Lecture Summary (01/23/2007)

This time the topic was "Computational Lexicography".

The lecture started with a review of lexicography principles. A good lexicography needs a certain quantity meaning completeness of coverage. This includes the number of entries (extensional coverage) and the number of types of lexical information (intensional coverage). Another aspect is of course the quality of the lexicography. The information given has to be correct (types of lexical information) and the structure must be consistent (macrostructure, microstructure, mesostructure).

After that Mr Gibbon showed us a model to illustrate the so called lexicographic workflow cycle.

The process starts with the data acquisition:

  • Recordings
  • Text collection
  • Concordance
  • Dictionaries
  • ...

The next step is the lexicon construction:

  • Metadata
  • Information retrieval
  • Linguistic analyses

The cycle continues with the access to data:

  • Traditional print media
  • Hyperlexicon: CD, internet
  • Software with lexicon components: word processing; speech processing

Finally the lexical evaluation takes place:

  • Internal: consistency; completeness
  • External: utility for the users

Then we took a closer look at lexical data acquisition, especially at concordances.

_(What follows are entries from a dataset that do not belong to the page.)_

(* Let $q>1$, $\beta>0$, $\mu\in\mathbb{R}$, $\alpha\in\mathbb{R}$, $\rho>0$, and let $U_d$ be an open unbounded sector with vertex at $0$ and bisecting direction $d$, and $\delta\in\mathbb{R}$ such that the point $-\delta$ has positive distance to $U_d\cup D(0,\rho)$. Let $Q(X),R(X)\in\mathbb{C}[X]$ with $\deg(R)\ge\deg(Q)$ and $R(im)\neq0$ for all $m\in\mathbb{R}$, let $b:\mathbb{R}\to\mathbb{C}$ be continuous with $|b(m)|\le 1/|R(im)|$ for all $m\in\mathbb{R}$, and assume $\mu>\deg(Q)+1$. Let $1<k\le\kappa$, where $k$ is an integer. Let $c_h\in E_{(\beta,\mu)}$ for $h=0,\dots,p_1$ and $$\varphi_k(\tau,m)=\sum_{h=0}^{p_1}c_h(m)\frac{\tau^h}{(q^{1/k})^{h(h-1)/2}}.$$ For $f\in \mathrm{Exp}^q_{(\kappa,\beta,\mu,\alpha,\rho)}$ define $$\varphi_k(\tau,m)\star^{Q}_{q;1/k}f(\tau,m):=\sum_{h=0}^{p_1}\frac{\tau^h}{(q^{1/k})^{h(h-1)/2}}\int_{-\infty}^{+\infty}c_h(m-m_1)Q(im_1)f(q^{-h/k}\tau,m_1)\,dm_1 .$$ Then for every $f\in\mathrm{Exp}^q_{(\kappa,\beta,\mu,\alpha,\rho)}$, the function $b(m)\,\varphi_k(\tau,m)\star^{Q}_{q;1/k}f(\tau,m)$ belongs to $\mathrm{Exp}^q_{(\kappa,\beta,\mu,\alpha,\rho)}$, and there exist constants $C_{3,h}>0$ ($0\le h\le p_1$), depending on $\mu,q,\alpha,k,\kappa,Q,R,\delta$, such that $$\left\|b(m)\varphi_k(\tau,m)\star^{Q}_{q;1/k}f(\tau,m)\right\|_{(\kappa,\beta,\mu,\alpha,\rho)}\le\Big(\sum_{h=0}^{p_1}C_{3,h}\|c_h\|_{(\beta,\mu)}\Big)\|f\|_{(\kappa,\beta,\mu,\alpha,\rho)}.$$
   Context: $E_{(\beta,\mu)}$ is the Banach space of continuous functions $h:\mathbb{R}\to\mathbb{C}$ with $\|h\|_{(\beta,\mu)}=\sup_{m\in\mathbb{R}}(1+|m|)^{\mu}e^{\beta|m|}|h(m)|<\infty$. For $k>0$, $\mathrm{Exp}^q_{(k,\beta,\mu,\alpha,\rho)}$ is the Banach space of continuous functions $h(\tau,m)$ on $(U_d\cup\overline{D}(0,\rho))\times\mathbb{R}$, holomorphic in $\tau$ on $U_d\cup D(0,\rho)$, such that $$\|h\|_{(k,\beta,\mu,\alpha,\rho)}=\sup_{\tau\in U_d\cup\overline D(0,\rho),\,m\in\mathbb{R}}(1+|m|)^{\mu}e^{\beta|m|}\exp\Big(-\frac{k}{2}\frac{\log^2|\tau+\delta|}{\log q}-\alpha\log|\tau+\delta|\Big)|h(\tau,m)|<\infty .$$ *)

theory Defs
  imports "HOL-Analysis.Analysis" "HOL-Computational_Algebra.Polynomial"
begin

definition sector :: "real \<Rightarrow> real \<Rightarrow> complex set" where
  "sector d a = {z. z \<noteq> 0 \<and> (\<exists>t. \<bar>t - d\<bar> < a \<and> z = complex_of_real (cmod z) * cis t)}"

definition E_norm :: "real \<Rightarrow> real \<Rightarrow> (real \<Rightarrow> complex) \<Rightarrow> real" where
  "E_norm \<beta> \<mu> h = (SUP m\<in>UNIV. (1 + \<bar>m\<bar>) powr \<mu> * exp (\<beta> * \<bar>m\<bar>) * cmod (h m))"

definition E_space :: "real \<Rightarrow> real \<Rightarrow> (real \<Rightarrow> complex) set" where
  "E_space \<beta> \<mu> = {h. continuous_on UNIV h \<and>
      bdd_above ((\<lambda>m. (1 + \<bar>m\<bar>) powr \<mu> * exp (\<beta> * \<bar>m\<bar>) * cmod (h m)) ` UNIV)}"

definition exp_weight ::
  "real \<Rightarrow> real \<Rightarrow> real \<Rightarrow> real \<Rightarrow> real \<Rightarrow> real \<Rightarrow> complex \<Rightarrow> real \<Rightarrow> real" where
  "exp_weight q \<delta> k \<beta> \<mu> \<alpha> \<tau> m =
     (1 + \<bar>m\<bar>) powr \<mu> * exp (\<beta> * \<bar>m\<bar>) *
     exp (- (k / 2) * (ln (cmod (\<tau> + complex_of_real \<delta>)))\<^sup>2 / ln q
          - \<alpha> * ln (cmod (\<tau> + complex_of_real \<delta>)))"

definition Exp_norm ::
  "real \<Rightarrow> complex set \<Rightarrow> real \<Rightarrow> real \<Rightarrow> real \<Rightarrow> real \<Rightarrow> real \<Rightarrow> real
     \<Rightarrow> (complex \<Rightarrow> real \<Rightarrow> complex) \<Rightarrow> real" where
  "Exp_norm q U \<delta> k \<beta> \<mu> \<alpha> \<rho> h =
     (SUP p\<in>(U \<union> cball 0 \<rho>) \<times> UNIV.
        exp_weight q \<delta> k \<beta> \<mu> \<alpha> (fst p) (snd p) * cmod (h (fst p) (snd p)))"

definition Exp_space ::
  "real \<Rightarrow> complex set \<Rightarrow> real \<Rightarrow> real \<Rightarrow> real \<Rightarrow> real \<Rightarrow> real \<Rightarrow> real
     \<Rightarrow> (complex \<Rightarrow> real \<Rightarrow> complex) set" where
  "Exp_space q U \<delta> k \<beta> \<mu> \<alpha> \<rho> = {h.
     continuous_on ((U \<union> cball 0 \<rho>) \<times> UNIV) (\<lambda>p. h (fst p) (snd p)) \<and>
     (\<forall>m. (\<lambda>\<tau>. h \<tau> m) holomorphic_on (U \<union> ball 0 \<rho>)) \<and>
     bdd_above ((\<lambda>p. exp_weight q \<delta> k \<beta> \<mu> \<alpha> (fst p) (snd p) * cmod (h (fst p) (snd p)))
                  ` ((U \<union> cball 0 \<rho>) \<times> UNIV))}"

definition q_conv ::
  "real \<Rightarrow> nat \<Rightarrow> nat \<Rightarrow> (nat \<Rightarrow> real \<Rightarrow> complex) \<Rightarrow> complex poly
     \<Rightarrow> (complex \<Rightarrow> real \<Rightarrow> complex) \<Rightarrow> complex \<Rightarrow> real \<Rightarrow> complex" where
  "q_conv q k p1 c Q f \<tau> m =
     (\<Sum>h = 0..p1. \<tau> ^ h / complex_of_real ((q powr (1 / real k)) powr (real h * (real h - 1) / 2))
        * (LINT m1|lborel. c h (m - m1) * poly Q (\<i> * complex_of_real m1)
              * f (complex_of_real (q powr (- real h / real k)) * \<tau>) m1))"

end

theory Submission
  imports Defs "HOL-Complex_Analysis.Complex_Analysis"
begin
lemma int_minimal_polynomial:
  fixes z :: complex and P :: "int poly"
  assumes "P \<noteq> 0" and "poly (of_int_poly P) z = 0"
  obtains f where "poly (of_int_poly f) z = 0" "\<And>g. poly (of_int_poly g) z = 0 \<Longrightarrow> f dvd g"
proof -
  let ?S = "\<lambda>f. f \<noteq> 0 \<and> poly (of_int_poly f) z = 0"
  obtain f0 where f0: "?S f0" and f0_min: "\<And>f'. ?S f' \<Longrightarrow> degree f0 \<le> degree f'"
    using ex_has_least_nat[of ?S P degree] assms by blast
  define f where "f = primitive_part f0"
  have "f \<noteq> 0" "content f = 1" "degree f = degree f0"
    using f0 by (simp_all add: f_def)
  have "f0 = [:content f0:] * f" by (simp add: f_def)
  from arg_cong[OF this, of "\<lambda>h. poly (of_int_poly h) z"]
  have "poly (of_int_poly f0) z = of_int (content f0) * poly (of_int_poly f) z"
    by (simp add: hom_distribs)
  then have f_root: "poly (of_int_poly f) z = 0" using f0 by simp
  \<comment> \<open>The remainder of \<open>g\<close> modulo \<open>f\<close> vanishes at \<open>z\<close> and has smaller degree, so it is zero;
    Gauss's lemma (\<open>fract_poly_dvdD\<close>) removes the leading-coefficient factor.\<close>
  have "f dvd g" if g: "poly (of_int_poly g) z = 0" for g
  proof -
    obtain q r where qr: "pseudo_divmod g f = (q, r)" by fastforce
    define c where "c = lead_coeff f ^ (Suc (degree g) - degree f)"
    have c0: "c \<noteq> 0" using \<open>f \<noteq> 0\<close> by (simp add: c_def)
    have cg: "[:c:] * g = f * q + r" and "r = 0 \<or> degree r < degree f"
      using pseudo_divmod[OF \<open>f \<noteq> 0\<close> qr] unfolding c_def by auto
    have "poly (of_int_poly r) z = 0"
      using arg_cong[OF cg, of "\<lambda>h. poly (of_int_poly h) z"] g f_root by (simp add: hom_distribs)
    then have "r = 0"
      using \<open>r = 0 \<or> degree r < degree f\<close> f0_min[of r] \<open>degree f = degree f0\<close> by fastforce
    then have "fract_poly g = fract_poly f * ([:inverse (to_fract c):] * fract_poly q)"
      using arg_cong[OF cg, of "\<lambda>h. [:inverse (to_fract c):] * fract_poly h"] c0
      by (simp add: mult_smult_right)
    then have "fract_poly f dvd fract_poly g" by (rule dvdI)
    then show "f dvd g" using \<open>content f = 1\<close> by (rule fract_poly_dvdD)
  qed
  with f_root that show ?thesis by blast
qed

lemma diff_dvd_power_diff:
  fixes a b :: "'a::comm_ring_1"
  shows "a - b dvd a ^ n - b ^ n"
proof (induction n)
  case (Suc n)
  have "a ^ Suc n - b ^ Suc n = a * (a ^ n - b ^ n) + (a - b) * b ^ n"
    by (simp add: algebra_simps)
  then show ?case using Suc by simp
qed simp
(* Let $C$ be a coalgebra over a field $k$ with a coradical basis $\mathcal B$, and let $M$ be a finite dimensional local right coideal of $C$ which is $\mathcal B$-supported. Then the set $(\mathcal B\cap M)\setminus \mathrm{Jac}(M)$ is nonempty, and $M$ is generated as a right $C$-comodule by any element of this set.
   Context: The coradical $C_0$ of $C$ is the sum of all simple subcoalgebras of $C$. For subspaces $U,V\subseteq C$, $U\wedge V=\Delta^{-1}(U\otimes C+C\otimes V)$. The coradical filtration is $C_0\subseteq C_1\subseteq\cdots$ with $C_n=C_0\wedge C_{n-1}$ for $n\geq1$. A coradical basis of $C$ is a $k$-basis $\mathcal B$ of $C$ such that $\mathcal B\cap C_n$ is a basis of $C_n$ for all $n$. A right coideal $M$ (a right subcomodule of $C$) is $\mathcal B$-supported if $\mathcal B\cap M$ is a $k$-basis of $M$. A nonzero comodule is local if it has a unique maximal subcomodule. $\mathrm{Jac}(M)$ denotes the Jacobson radical of $M$ (the intersection of its maximal subcomodules). *)

theory Defs
  imports Main
begin

text \<open>Coalgebras over a field 'k are represented in coordinates: the underlying
vector space C is the space of finitely supported functions 'i => 'k (the free
vector space on the index type 'i; every vector space is of this form), and
C (x) C is the space of finitely supported functions 'i x 'i => 'k.
The comultiplication is given by its values delta a on the standard basis
vectors e_a, and the counit by its values eps a on e_a.\<close>

definition fsupp :: "('x \<Rightarrow> 'k::zero) \<Rightarrow> 'x set" where
  "fsupp f = {i. f i \<noteq> 0}"

definition vecs :: "('i \<Rightarrow> 'k::zero) set" where
  "vecs = {f. finite (fsupp f)}"

definition zvec :: "'x \<Rightarrow> 'k::zero" where
  "zvec = (\<lambda>_. 0)"

definition lspan :: "('x \<Rightarrow> 'k::field) set \<Rightarrow> ('x \<Rightarrow> 'k) set" where
  "lspan S = {g. \<exists>F c. finite F \<and> F \<subseteq> S \<and> g = (\<lambda>x. \<Sum>s\<in>F. c s * s x)}"
(* Let $p$ be an odd prime. For $1\le k\le p$ let $\nu_k:=2\cos\left(\frac{(2k-1)\pi}{2p}\right)$ (so $\nu_{(p+1)/2}=0$). For $i\ge 0$ let $R_i(x):=2T_i(x/2)\in\mathbb{Z}[x]$. Let $Q_{4p}$ be the $p\times p$ matrix obtained from $\big(R_i(\nu_k)\big)_{1\le k\le p,\ 0\le i\le p-1}$ (row index $k$, column index $i$) by interchanging its first row and its $\frac{p+1}{2}$-th row; write $\theta_1,\dots,\theta_{p-1}$ for the nodes $\nu_k$ corresponding, in order, to rows $2,\dots,p$ of $Q_{4p}$ (so its first row is $(R_0(0),R_1(0),\dots,R_{p-1}(0))$). Let $F$ be the $p\times p$ matrix with $1$ on the diagonal, $-1$ in positions $(j,1)$ for $2\le j\le p$, and $0$ elsewhere, and let $$C=\begin{pmatrix}1 & \mathbf{r}\\ \mathbf{0} & I_{p-1}\end{pmatrix},\qquad \mathbf{r}=(r_1,\dots,r_{p-1})=(0,1,0,-1,0,1,0,-1,\dots),$$ i.e. $r_i=0$ for $i$ odd, $r_i=1$ for $i\equiv2\pmod4$, $r_i=-1$ for $i\equiv0\pmod4$. Then $$FQ_{4p}C=\begin{pmatrix}2 & \mathbf{0}^t\\ \mathbf{0} & N_{4p}\end{pmatrix},\qquad N_{4p}=\big(R_i^*(\theta_j)\big)_{1\le j\le p-1,\ 1\le i\le p-1},$$ where for each $i\in\{1,\dots,p-1\}$, $R_i^*(x)\in\mathbb{Z}[x]$ is monic of degree $i$ with zero constant term. In particular $N_{4p}$ is invertible and $\mathrm{Cond}(N_{4p})\le p(p+1)(2p-1)^2$.
   Context: $T_i$ is the Tchebycheff polynomial of the first kind ($T_0=1$, $T_1=x$, $T_i=2xT_{i-1}-T_{i-2}$). For an invertible complex matrix $A$, $\|A\|=\sqrt{\mathrm{Tr}(AA^* )}$ is the Frobenius norm and $\mathrm{Cond}(A)=\|A\|\,\|A^{-1}\|$. The nodes $\theta_1,\dots,\theta_{p-1}$ are exactly the Galois conjugates of $2\cos(\pi/(2p))$, a primitive element of the maximal totally real subfield of the $4p$-th cyclotomic field. *)

theory Defs
  imports Complex_Main "HOL-Computational_Algebra.Polynomial" "Jordan_Normal_Form.Matrix"
begin

fun cheb_T :: "nat \<Rightarrow> real \<Rightarrow> real" where
  "cheb_T 0 x = 1"
| "cheb_T (Suc 0) x = x"
| "cheb_T (Suc (Suc n)) x = 2 * x * cheb_T (Suc n) x - cheb_T n x"

definition R :: "nat \<Rightarrow> real \<Rightarrow> real" where
  "R i x = 2 * cheb_T i (x / 2)"

definition nu :: "nat \<Rightarrow> nat \<Rightarrow> real" where
  "nu p k = 2 * cos ((2 * real k - 1) * pi / (2 * real p))"

text \<open>0-based row index a of Q_{4p} corresponds to the 1-based node index
  (qrow p a) + 1: rows 1 and (p+1)/2 (1-based) are interchanged.\<close>
definition qrow :: "nat \<Rightarrow> nat \<Rightarrow> nat" where
  "qrow p a = (if a = 0 then (p - 1) div 2 else if a = (p - 1) div 2 then 0 else a)"

definition Q4p :: "nat \<Rightarrow> real mat" where
  "Q4p p = mat p p (\<lambda>(a, i). R i (nu p (qrow p a + 1)))"

text \<open>theta_j (1 <= j <= p-1) is the node of (1-based) row j+1 of Q_{4p},
  i.e. of 0-based row j.\<close>
definition theta :: "nat \<Rightarrow> nat \<Rightarrow> real" where
  "theta p j = nu p (qrow p j + 1)"

definition Fmat :: "nat \<Rightarrow> real mat" where
  "Fmat p = mat p p (\<lambda>(j, i). if j = i then 1 else if i = 0 then -1 else 0)"

definition rvec :: "nat \<Rightarrow> real" where
  "rvec i = (if odd i then 0 else if i mod 4 = 2 then 1 else -1)"

definition Cmat :: "nat \<Rightarrow> real mat" where
  "Cmat p = mat p p (\<lambda>(j, i). if j = i then 1 else if j = 0 then rvec i else 0)"
(* Let $t,\ell,m$ be integers with $1 \le t \le \ell \le m$, and let $s$ be an integer with $(\ell-t)m \le s \le \ell m$ and $s\ge 1$. Then the $s$-th generalized Hamming weight of $\widehat{C}_{\det}(t;\ell,m)$ is $$\hat{d}_s=\hat{n}-\sum_{i=0}^{\ell m-s-1}q^i,$$ where $\hat n=|\widehat{\mathcal D}_t(\ell,m)|$ is the length of the code (the sum is empty, i.e. $0$, when $s=\ell m$).
   Context: $q$ is a prime power. Let $\widehat{\mathcal D}_t(\ell,m)\subset\mathbb{P}^{\ell m-1}(\mathbb{F}_q)=\mathbb{P}(\mathrm{Mat}_{\ell\times m}(\mathbb{F}_q))$ be the set of points $[M]$ with $M\ne 0$ and $\mathrm{rk}(M)\le t$; let $\hat n=|\widehat{\mathcal D}_t(\ell,m)|$, enumerate its points and choose representatives $M_1,\dots,M_{\hat n}$. The determinantal code $\widehat{C}_{\det}(t;\ell,m)\subseteq\mathbb{F}_q^{\hat n}$ is the set of vectors $(f(M_1),\dots,f(M_{\hat n}))$ for $f$ ranging over linear forms in the entries of an $\ell\times m$ matrix of indeterminates; it has dimension $\ell m$. For a linear code $C\subseteq\mathbb{F}_q^n$ and a subspace $D\subseteq C$, the support weight $\|D\|$ is the number of coordinates $i$ such that some $c\in D$ has $c_i\ne0$; the $s$-th generalized Hamming weight is $d_s(C)=\min\{\|D\|: D\subseteq C \text{ a subspace}, \dim D=s\}$. *)

theory Defs
  imports "HOL-Analysis.Analysis" "HOL-Library.Function_Algebras"
begin

text \<open>Matrices of size l x m over a finite field 'a are elements of 'a^'m^'l,
  with l = CARD('l) rows and m = CARD('m) columns.\<close>

definition smat :: "'a::field \<Rightarrow> 'a^'m^'l \<Rightarrow> 'a^'m^'l" where
  "smat c M = (\<chi> i j. c * M$i$j)"

definition proj_pt :: "'a::field^'m^'l \<Rightarrow> ('a^'m^'l) set" where
  "proj_pt M = {smat c M | c. c \<noteq> 0}"

definition Dhat :: "nat \<Rightarrow> ('a::field^'m^'l) set set" where
  "Dhat t = {proj_pt M | M. M \<noteq> 0 \<and> rank M \<le> t}"

definition rep_system :: "nat \<Rightarrow> ('a::field^'m^'l) set \<Rightarrow> bool" where
  "rep_system t R \<longleftrightarrow> bij_betw proj_pt R (Dhat t)"

definition lin_form :: "'a::field^'m^'l \<Rightarrow> 'a^'m^'l \<Rightarrow> 'a" where
  "lin_form C M = (\<Sum>i\<in>UNIV. \<Sum>j\<in>UNIV. C$i$j * M$i$j)"

text \<open>Codewords are functions from the coordinate set R to the field
  (extended by 0 outside R). Scalar multiplication is pointwise.\<close>
definition fscale :: "'a::field \<Rightarrow> ('b \<Rightarrow> 'a) \<Rightarrow> ('b \<Rightarrow> 'a)" where
  "fscale c f = (\<lambda>x. c * f x)"

definition det_code :: "('a::field^'m^'l) set \<Rightarrow> ('a^'m^'l \<Rightarrow> 'a) set" where
  "det_code R = {(\<lambda>M. if M \<in> R then lin_form C M else 0) | C. True}"

definition support_weight :: "'b set \<Rightarrow> ('b \<Rightarrow> 'a::zero) set \<Rightarrow> nat" where
  "support_weight R D = card {x \<in> R. \<exists>c\<in>D. c x \<noteq> 0}"

definition ghw :: "'b set \<Rightarrow> ('b \<Rightarrow> 'a::field) set \<Rightarrow> nat \<Rightarrow> nat" where
  "ghw R C s = Min {support_weight R D | D. D \<subseteq> C \<and> module.subspace fscale D
                      \<and> vector_space.dim fscale D = s}"

end

theory Submission
  imports Defs
begin

text \<open>An \<open>s\<close>-dimensional subcode \<open>D\<close> is the image of an \<open>s\<close>-dimensional space \<open>Q\<close> of
  coefficient matrices, and the coordinates on which all of \<open>D\<close> vanishes are the representatives
  lying in the annihilator \<open>W\<close> of \<open>Q\<close>. A counting argument shows \<open>dim W \<le> \<ell>m - s\<close>, and each point
  of \<open>\<bbbP>(W)\<close> has at most one representative, so at most \<open>(q\<^bsup>\<ell>m-s\<^esup> - 1)/(q - 1)\<close> coordinates vanish.
  Conversely, if \<open>\<ell>m - s \<le> tm\<close>, let \<open>Q\<close> be the matrices vanishing on a set \<open>S\<close> of \<open>\<ell>m - s\<close>
  positions inside \<open>t\<close> rows. Then \<open>W\<close> consists of the matrices supported on \<open>S\<close>, all of rank at
  most \<open>t\<close>, so every point of \<open>\<bbbP>(W)\<close> is a coordinate and the bound is attained.\<close>

lemma vector_space_smat: "vector_space (smat :: 'a::field \<Rightarrow> 'a^'m^'l \<Rightarrow> _)"
  unfolding vector_space_def module_def smat_def
  by (auto simp: vec_eq_iff algebra_simps)

lemma vector_space_fscale: "vector_space (fscale :: 'a::field \<Rightarrow> ('b \<Rightarrow> 'a) \<Rightarrow> _)"
  unfolding vector_space_def module_def fscale_def
  by (auto simp: fun_eq_iff algebra_simps)

lemma card_field_gt_1: "1 < CARD('a::{finite,field})"
proof -
  have "card {0::'a, 1} \<le> CARD('a)" by (rule card_mono) auto
  then show ?thesis by simp
qed

lemma power_diff_1_eq_nat: "x ^ n - 1 = (x - 1) * (\<Sum>i<n. x ^ i :: nat)"
proof (cases "x = 0")
  case False
  then have "int (x ^ n - 1) = int ((x - 1) * (\<Sum>i<n. x ^ i))"
    using power_diff_1_eq[of "int x" n] by (simp add: of_nat_diff)
  then show ?thesis by linarith
qed (cases n, simp_all)

lemma card_subspace_finite_field:
  fixes scale :: "'a::{finite,field} \<Rightarrow> 'b::ab_group_add \<Rightarrow> 'b"
  assumes vs: "vector_space scale" and sub: "module.subspace scale X" and fin: "finite X"
  shows "card X = CARD('a) ^ vector_space.dim scale X"
proof -
  interpret v: vector_space scale by (rule vs)
  obtain B where B: "B \<subseteq> X" "v.independent B" "X \<subseteq> v.span B" "card B = v.dim X"
    using v.basis_exists by blast
  have fin_B: "finite B" using B(1) fin finite_subset by blast
  have span_B: "v.span B = X" using B sub v.span_subspace by blast
  define comb where "comb u = (\<Sum>b\<in>B. scale (u b) b)" for u
  have "comb ` (B \<rightarrow>\<^sub>E UNIV) = X"
  proof
    show "comb ` (B \<rightarrow>\<^sub>E UNIV) \<subseteq> X"
      using v.span_finite[OF fin_B] span_B comb_def by auto
    show "X \<subseteq> comb ` (B \<rightarrow>\<^sub>E UNIV)"
    proof
      fix x assume "x \<in> X"
      then obtain u where "x = comb u" using v.span_finite[OF fin_B] span_B comb_def by auto
      moreover have "comb u = comb (restrict u B)" unfolding comb_def by (rule sum.cong) auto
      ultimately show "x \<in> comb ` (B \<rightarrow>\<^sub>E UNIV)" by auto
    qed
  qed
  moreover have "inj_on comb (B \<rightarrow>\<^sub>E UNIV)"
  proof (rule inj_onI)
    fix u w assume u: "u \<in> B \<rightarrow>\<^sub>E UNIV" and w: "w \<in> B \<rightarrow>\<^sub>E UNIV" and eq: "comb u = comb w"
    have "(\<Sum>b\<in>B. scale (u b - w b) b) = 0"
      using eq unfolding comb_def by (simp add: v.scale_left_diff_distrib sum_subtractf)
    then have "\<forall>b\<in>B. u b - w b = 0"
      using v.independentD[OF B(2) fin_B subset_refl, of "\<lambda>b. u b - w b"] by blast
    then show "u = w" using PiE_ext[OF u w] by simp
  qed
  ultimately have "card X = card (B \<rightarrow>\<^sub>E (UNIV :: 'a set))" using card_image by fastforce
  then show ?thesis using B(4) by (simp add: card_PiE fin_B)
qed

lemma dim_subspace_finite_field_eqI:
  fixes scale :: "'a::{finite,field} \<Rightarrow> 'b::ab_group_add \<Rightarrow> 'b"
  assumes "vector_space scale" and "module.subspace scale X" and "finite X"
    and "card X = CARD('a) ^ n"
  shows "vector_space.dim scale X = n"
  using card_subspace_finite_field[OF assms(1-3)] assms(4) power_inject_exp card_field_gt_1
  by metis

lemma smat_eq_0_iff: "smat c M = 0 \<longleftrightarrow> c = 0 \<or> M = 0"
  unfolding smat_def by (auto simp: vec_eq_iff)

lemma smat_smat [simp]: "smat a (smat b M) = smat (a * b) M"
  unfolding smat_def by (simp add: vec_eq_iff mult.assoc)

lemma smat_one [simp]: "smat 1 M = M"
  unfolding smat_def by (simp add: vec_eq_iff)

definition mat_unit :: "'l \<Rightarrow> 'm \<Rightarrow> 'a::field^'m^'l" where
  "mat_unit i j = (\<chi> a b. if a = i \<and> b = j then 1 else 0)"

lemma mat_unit_nonzero: "(mat_unit i j :: 'a::field^'m^'l) \<noteq> 0"
  unfolding mat_unit_def by (auto simp: vec_eq_iff)

lemma sum_sum_delta:
  fixes i :: "'i::finite" and j :: "'j::finite"
  shows "(\<Sum>a\<in>UNIV. \<Sum>b\<in>UNIV. if a = i \<and> b = j then f a b else (0::'a::comm_monoid_add)) = f i j"
proof -
  have "(\<Sum>b\<in>UNIV. if a = i \<and> b = j then f a b else 0) = (if a = i then f a j else 0)" for a
    by (cases "a = i") simp_all
  then show ?thesis by (simp add: sum.delta)
qed

lemma lin_form_mat_unit_left [simp]: "lin_form (mat_unit i j) M = M$i$j"
  unfolding lin_form_def mat_unit_def
  by (simp add: if_distrib if_distribR sum_sum_delta cong: if_cong)

lemma lin_form_mat_unit_right [simp]: "lin_form C (mat_unit i j) = C$i$j"
  unfolding lin_form_def mat_unit_def
  by (simp add: if_distrib if_distribR sum_sum_delta cong: if_cong)

lemma lin_form_smat_right [simp]: "lin_form C (smat c M) = c * lin_form C M"
  unfolding lin_form_def smat_def by (simp add: sum_distrib_left algebra_simps)

lemma lin_form_smat_left [simp]: "lin_form (smat c C) M = c * lin_form C M"
  unfolding lin_form_def smat_def by (simp add: sum_distrib_left algebra_simps)

lemma lin_form_zero_right [simp]: "lin_form C 0 = 0"
  unfolding lin_form_def by simp

lemma lin_form_add_left [simp]: "lin_form (C + D) M = lin_form C M + lin_form D M"
  unfolding lin_form_def by (simp add: sum.distrib algebra_simps)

Mr Gibbon introduced the term KWIC (KeyWord In Context) concordance and called it a special kind of preliminary, corpus-based dictionary. In a KWIC concordance each word in a text corpus is paired with its contexts of occurence in this corpus. Just a short example for a KWIC concordance with right-hand contexts: in the (very small) text corpus "I like football" the word "I" would be paired with "like" and "like" would be paired with "football". Of course Mr Gibbon chose a more complex example to illustrate this concept: he showed us an extract out of "Notes from a Small Island" by Bill Brystol followed by the respective KWIC concordance. Besides we learned that Google is a special form of KWIC concordance.

The process of creating a KWIC concordance contains basically six steps:

  1. Corpus creation: creating a corpus of texts in electronic format
  2. Tokenisation: eliminating punctuation marks and capital letters plus breaking the text into context units
  3. Keyword list extraction: listing up all words of the corpus alphabetically and removing duplicate words
  4. Context collation: pairing the keywords with their respective left and right contexts
  5. Search: searching for KWIC in corpus
  6. Output format

Afterwards Mr Gibbon showed us the process of computing a KWIC concordance. Finally we found out that KWIC concordances make the search for lexical information more efficient by putting information about words in one place.